PostPosted: Jan 12, 2002 @ 11:46pm
by Digby

PostPosted: Jan 13, 2002 @ 1:18am
by MirekCz

Hello + Blit performances

PostPosted: Jan 13, 2002 @ 5:48am
by Kzinti
Hello everyone, I just found this wonderfull site and I am impressed to see that there are many knowledgeable programmers around here. You might know me as being the author of the "GAPI emulator".

These days, I'm working on my PocketPC as I figured out that while I may never write a good game for the PC (lack of time / resources), it might be possible to do so on my PocketPC. The discussions you have here about "rotating" blits is really interesting. I've come to similar conclusions about the cache, but I have a few other points of information I wish to share with you guys.

As Digby already said, the video RAM is not cached by the memory controller or CPU, and the reason for this is simple: the video RAM is not normal RAM, it is internal to the display chip. This memory is mapped in the address space of applications so that you can access it (memory mapped I/O).

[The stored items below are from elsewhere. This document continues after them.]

theorem mainTheorem3:
  fixes T u :: real and B :: "nat \<Rightarrow> real poly"
  assumes "T > 0"
    and "orthonormal_family T u B"
  shows "rec_alpha T u B 0 = moment T u 1 / moment T u 0 \<and>
         (\<forall>n. rec_beta T u B (n + 1) =
               2 * T * real n + T - rec_beta T u B n + u * rec_alpha T u B n - (rec_alpha T u B n)^2 \<and>
               rec_alpha T u B (n + 1) =
               T / rec_beta T u B (n + 1) * (\<Sum>k\<le>n. rec_alpha T u B k) - rec_alpha T u B n + u)"
proof -
  interpret gaussian_orthonormal_polys "wgt_integral T u" B T u
    using assms by (rule gaussian_orthonormal_polys_wgt_integral)
  have rec_alpha_eq: "rec_alpha T u B n = alpha n" for n
    by (simp add: rec_alpha_def alpha_def wgt_integral_def power2_eq_square mult_ac)
  have rec_beta_eq: "rec_beta T u B n = sqrt_beta n ^ 2" for n
    by (cases n) (simp_all add: rec_beta_def sqrt_beta_Suc wgt_integral_def mult_ac)
  have "moment T u 0 = wgt_integral T u 1" and "moment T u 1 = wgt_integral T u X"
    by (simp_all add: moment_def wgt_integral_def)
  then show ?thesis
    using alpha_0 sqrt_beta_Suc_squared alpha_Suc by (simp add: rec_alpha_eq rec_beta_eq)
qed

end
(* For complex parameters $a,c$, \begin{align*} \sum_{n=0}^\infty \sum_{j=-n}^n (-1)^j \bigl(1-q^{2n+1}\bigr)q^{j^2-n} \frac{\bigl(q^2/a, q^2/c; q^2\bigr)_n (ac)^n}{\bigl(q^2 a, q^2 c; q^2\bigr)_n} =\frac{\bigl(q^2, ca; q^2\bigr)_\infty}{\bigl(q^2 a, q^2 c; q^2\bigr)_\infty}\sum_{n=0}^\infty \frac{\bigl(q^2/a, q^2/c; q^2\bigr)_n (ac/q)^n}{(-q; q)_{2n} \bigl(1+q^{2n+1}\bigr)}. \end{align*}
   Context: Throughout, $q$ is a complex number with $0<|q|<1$. For $x\in\mathbb{C}$ and base $p\in\{q,q^2\}$, $(x;p)_\infty=\prod_{k=0}^\infty(1-xp^k)$ and, for an integer $n\ge 0$, $(x;p)_n=\prod_{k=0}^{n-1}(1-xp^k)$; also $(x_1,\dots,x_m;p)_n=(x_1;p)_n\cdots(x_m;p)_n$ for $n$ an integer or $\infty$. *)

theory Defs
  imports "HOL-Analysis.Analysis"
begin

definition qpoch :: "complex \<Rightarrow> complex \<Rightarrow> nat \<Rightarrow> complex" where
  "qpoch x p n = (\<Prod>k<n. (1 - x * p ^ k))"

definition qpoch_inf :: "complex \<Rightarrow> complex \<Rightarrow> complex" where
  "qpoch_inf x p = (\<Prod>k. (1 - x * p ^ k))"

end

(*
  Write p = q^2. The sequences
    alpha_n = (1 - q^(2n+1)) q^(-n) S_n,   S_n = sum of (-1)^j q^(j^2) over |j| <= n,
    beta_n  = q^(-n) / (-q;q)_(2n+1)
  form a Bailey pair relative to p: beta_n = sum_(r <= n) alpha_r / ((p;p)_(n-r) (p;p)_(n+r+1)).
  This comes from the identity  sum_k [N choose k]_p q^k S_(m-k) = (q;q)_N  for 0 <= m <= N
  (N = 2n+1, m = n), whose left side does not depend on m because, by the q-binomial theorem,
  its differences in m are multiples of a vanishing q-Pochhammer symbol.
  The theorem is Bailey's lemma for this pair with the parameters p/a and p/c. The lemma is
  proved by interchanging the order of a double series, absolutely convergent because
  alpha_n = O(|q|^(-n)) and |ac| < |q|, and evaluating the inner sums with the q-Gauss
  summation, itself obtained from a three-term recurrence in its denominator parameter.
*)

theory Submission
  imports Defs
begin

I am not sure that writting to uncached memory is slower then cached memory, the thing is that when you write to cached memory, you are invalidating cache lines that are in use for reading, thereby killing the reading performance, not the writting. Nevertheless, the result is the same: you get faster blits writting directly to the display then to a memory buffer.

Another thing that I haven't seen adressed yet is the use of DMA transfers by certain devices. You all know that the iPAQ devices allows direct access to the display memory (no caching), so in this case the fastest possible way to "flip" is to blit directly to the display. On some other devices like my Casio E-125, the GAPI buffer is trsnaferred to the display using some kind of DMA. What this means is that the actual blitting is done in the back while the processor is free to do other things. That's also the reason that the Casio E-125 gets decent performances with a slower processor and with an intermediate buffer. (Note that most games use an intermediate buffer on iPAQ anyways, while this is not needed on the E-125.)

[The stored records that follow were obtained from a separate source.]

lemma has_integral_indicator_lborel:
  fixes A :: "'a::euclidean_space set"
  assumes "A \<in> sets borel" "bounded A"
  shows "(indicat_real A has_integral measure lborel A) UNIV"
proof -
  have "((\<lambda>x. 1) has_integral measure lborel A) A"
    using assms by (intro has_integral_measure_lborel emeasure_bounded_finite)
  then have "((\<lambda>x. if x \<in> A then 1 else 0) has_integral measure lborel A) UNIV"
    by (rule has_integral_restrict_UNIV[THEN iffD2])
  moreover have "indicat_real A = (\<lambda>x. if x \<in> A then 1 else 0)"
    by (auto simp: indicator_def)
  ultimately show ?thesis by simp
qed

lemma sum_measure_disjoint_le:
  assumes "finite D" "A ` D \<subseteq> sets M" "disjoint_family_on A D"
    and "(\<Union>j\<in>D. A j) \<subseteq> U" "U \<in> fmeasurable M"
  shows "(\<Sum>j\<in>D. measure M (A j)) \<le> measure M U"
proof -
  have fin: "A j \<in> fmeasurable M" if "j \<in> D" for j
  proof (rule fmeasurableI2[OF assms(5)])
    show "A j \<subseteq> U" using assms(4) that by blast
    show "A j \<in> sets M" using assms(2) that by blast
  qed
  then have "(\<Sum>j\<in>D. measure M (A j)) = measure M (\<Union>j\<in>D. A j)"
    using assms fmeasurableD2[OF fin] by (intro measure_finite_Union[symmetric]) auto
  also have "\<dots> \<le> measure M U"
    using assms by (intro measure_mono_fmeasurable) auto
  finally show ?thesis .
qed

lemma measure_interval_outside_le_delay:
  fixes a w S m :: real
  assumes U: "U \<in> sets borel" and window: "{a..<a + w} \<subseteq> U"
    and "m \<le> w" "a \<le> S"
  shows "measure lborel ({S..<S + m} - U) \<le> S - a"
proof -
  have "{S..<S + m} - U \<subseteq> {a + m..<S + m}"
  proof
    fix x assume x: "x \<in> {S..<S + m} - U"
    then have "x \<notin> {a..<a + w}" using window by blast
    then show "x \<in> {a + m..<S + m}" using x assms(3,4) by auto
  qed
  then have "measure lborel ({S..<S + m} - U) \<le> measure lborel {a + m..<S + m}"
    using U by (intro measure_mono_fmeasurable fmeasurable_lborel_bounded) auto
  then show ?thesis using \<open>a \<le> S\<close> by simp
qed

lemma overhanging_interval_precedes_window:
  fixes S m a' w' S' :: real
  assumes "\<not> {S..<S + m} \<subseteq> U" "{a'..<a' + w'} \<subseteq> U" "S + m \<le> S'" "S' \<le> a' + w'"
  shows "S < a'"
proof -
  obtain t where t: "t \<in> {S..<S + m}" "t \<notin> U" using assms(1) by blast
  then have "t \<notin> {a'..<a' + w'}" using assms(2) by blast
  then show ?thesis using t assms(3,4) by auto
qed

text \<open>Each interval [S j, S j + m j) sticks out of U by at most S j - a j, because the
  window [a j, a j + w j) lies in U and is at least as long as the interval.  The delays
  [a j, S j) of the intervals that do stick out are pairwise disjoint subsets of U.\<close>

lemma sum_lengths_le_twice_measure_of_windows:
  fixes a w S m :: "'i \<Rightarrow> real"
  assumes D: "finite D" and U: "U \<in> sets borel" "bounded U"
    and window: "\<And>j. j \<in> D \<Longrightarrow> {a j..<a j + w j} \<subseteq> U"
    and len: "\<And>j. j \<in> D \<Longrightarrow> 0 \<le> m j \<and> m j \<le> w j"
    and start: "\<And>j. j \<in> D \<Longrightarrow> a j \<le> S j \<and> S j \<le> a j + w j"
    and disj: "\<And>i j. i \<in> D \<Longrightarrow> j \<in> D \<Longrightarrow> i \<noteq> j \<Longrightarrow>
      S i + m i \<le> S j \<or> S j + m j \<le> S i"
  shows "(\<Sum>j\<in>D. m j) \<le> 2 * measure lborel U"
proof -
  define J where "J j = {S j..<S j + m j}" for j
  define delay where "delay j = (if J j \<subseteq> U then {} else {a j..<S j})" for j
  have UM: "U \<in> fmeasurable lborel"
    using U by (rule fmeasurable_lborel_bounded)
  have overhang: "m j \<le> measure lborel (J j \<inter> U) + measure lborel (delay j)" if j: "j \<in> D" for j
  proof -
    have "measure lborel (J j - U) \<le> measure lborel (delay j)"
    proof (cases "J j \<subseteq> U")
      case True
      then have "J j - U = {}" "delay j = {}" by (auto simp: delay_def)
      then show ?thesis by (metis order_refl)
    qed (use measure_interval_outside_le_delay[OF U(1) window[OF j]] len[OF j] start[OF j]
          in \<open>simp add: J_def delay_def\<close>)
    moreover have "measure lborel (J j) \<le> measure lborel (J j \<inter> U) + measure lborel (J j - U)"
      using U measure_Un_le[of "J j \<inter> U" lborel "J j - U"] by (simp add: Int_Diff_Un J_def)
    ultimately show ?thesis
      using len[OF j] by (simp add: J_def)
  qed
  have "(\<Sum>j\<in>D. measure lborel (J j \<inter> U)) \<le> measure lborel U"
  proof (rule sum_measure_disjoint_le[OF D _ _ _ UM])
    show "disjoint_family_on (\<lambda>j. J j \<inter> U) D"
      unfolding disjoint_family_on_def
    proof (intro ballI impI)
      fix i j assume "i \<in> D" "j \<in> D" "i \<noteq> j"
      then have "S i + m i \<le> S j \<or> S j + m j \<le> S i" by (rule disj)
      then show "J i \<inter> U \<inter> (J j \<inter> U) = {}" by (auto simp: J_def)
    qed
  qed (use U in \<open>auto simp: J_def\<close>)
  moreover have "(\<Sum>j\<in>D. measure lborel (delay j)) \<le> measure lborel U"
  proof (rule sum_measure_disjoint_le[OF D _ _ _ UM])
    have "delay i \<inter> delay j = {}" if ij: "i \<in> D" "j \<in> D" "S i + m i \<le> S j" for i j
    proof (cases "J i \<subseteq> U")
      case False
      then have "S i < a j"
        using overhanging_interval_precedes_window[OF _ window[OF ij(2)] ij(3)] start[OF ij(2)]
        by (simp add: J_def)
      then show ?thesis by (auto simp: delay_def)
    qed (simp add: delay_def)
    then show "disjoint_family_on delay D"
      unfolding disjoint_family_on_def by (metis disj inf_commute)
    have "delay j \<subseteq> {a j..<a j + w j}" if "j \<in> D" for j
      using start[OF that] by (auto simp: delay_def)
    then show "(\<Union>j\<in>D. delay j) \<subseteq> U"
      using window by blast
  qed (auto simp: delay_def)
  ultimately show ?thesis
    using sum_mono[of D m "\<lambda>j. measure lborel (J j \<inter> U) + measure lborel (delay j)"] overhang
    by (simp add: sum.distrib)
qed

lemma valid_schedule_work_le_awake_time:
  assumes V: "valid_schedule p n sw pw a ser r C"
  shows "(\<Sum>i<n. if ser i then sw i else pw i) \<le> real p * awake_time n a C"
proof -
  let ?U = "\<Union>i<n. {a i..<C i}"
  have "((\<lambda>s. real (r i s)) has_integral (if ser i then sw i else pw i)) UNIV" if i: "i < n" for i
  proof -
    have "((\<lambda>s. real (r i s)) has_integral (if ser i then sw i else pw i)) {a i..C i}"
      and "\<forall>s. s < a i \<or> C i \<le> s \<longrightarrow> r i s = 0"
      using V i unfolding valid_schedule_def by auto
    then show ?thesis
      by (intro has_integral_eq[OF _ has_integral_restrict_UNIV[THEN iffD2]]) (auto simp: not_le)
  qed
  then have "((\<lambda>s. \<Sum>i<n. real (r i s)) has_integral (\<Sum>i<n. if ser i then sw i else pw i)) UNIV"
    by (intro has_integral_sum) auto
  moreover have "((\<lambda>s. real p * indicator ?U s) has_integral real p * measure lborel ?U) UNIV"
    by (intro has_integral_mult_right has_integral_indicator_lborel) auto
  moreover have "(\<Sum>i<n. real (r i s)) \<le> real p * indicator ?U s" for s
  proof (cases "s \<in> ?U")
    case True
    have "(\<Sum>i<n. r i s) \<le> p" using V unfolding valid_schedule_def by auto
    then show ?thesis using True by (simp flip: of_nat_sum)
  next
    case False
    have "r i s = 0" if "i < n" for i
    proof -
      have "s \<notin> {a i..<C i}" using False that by blast
      then have "s < a i \<or> C i \<le> s" by auto
      then show ?thesis using V that unfolding valid_schedule_def by blast
    qed
    then show ?thesis using False by simp
  qed
  ultimately show ?thesis
    unfolding awake_time_def by (rule has_integral_le)
qed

Direct access is also possible on the Casio E-125, but from the tests I have conducted, the frame rate drops. There is at least 2 reasons for this: 1) The DMA transfert is not used, 2) The MIPS is a 32/64 bits processor internally, but the external bus is only 16 bits.

There is also another benefit to DMA transfers: it is most likely synchronized with the "refresh" of the display as to reduce tearing effects.

I've conducted a test using a "graphic-bandwidth" limited program:

Direct access --> 24 fps
DMA --> 28 fps

Understand that the test is really poorly written and doesn't do anything else but GXBeginDraw()-Blits-GXEndDraw(). In an actual game, you would do many things after the GXEndDraw() and before the next GXBeginDraw(). Even with all that, you can see a considerable gain in performances.

Another important pointer is that if you want to get the most out of the DMA transfert, you have to minimize the time period spent between GXBeginDraw() and GXEndDraw(). As soon as GXEndDraw() is called, the DMA transfert starts, so this is where you game logic has to take place.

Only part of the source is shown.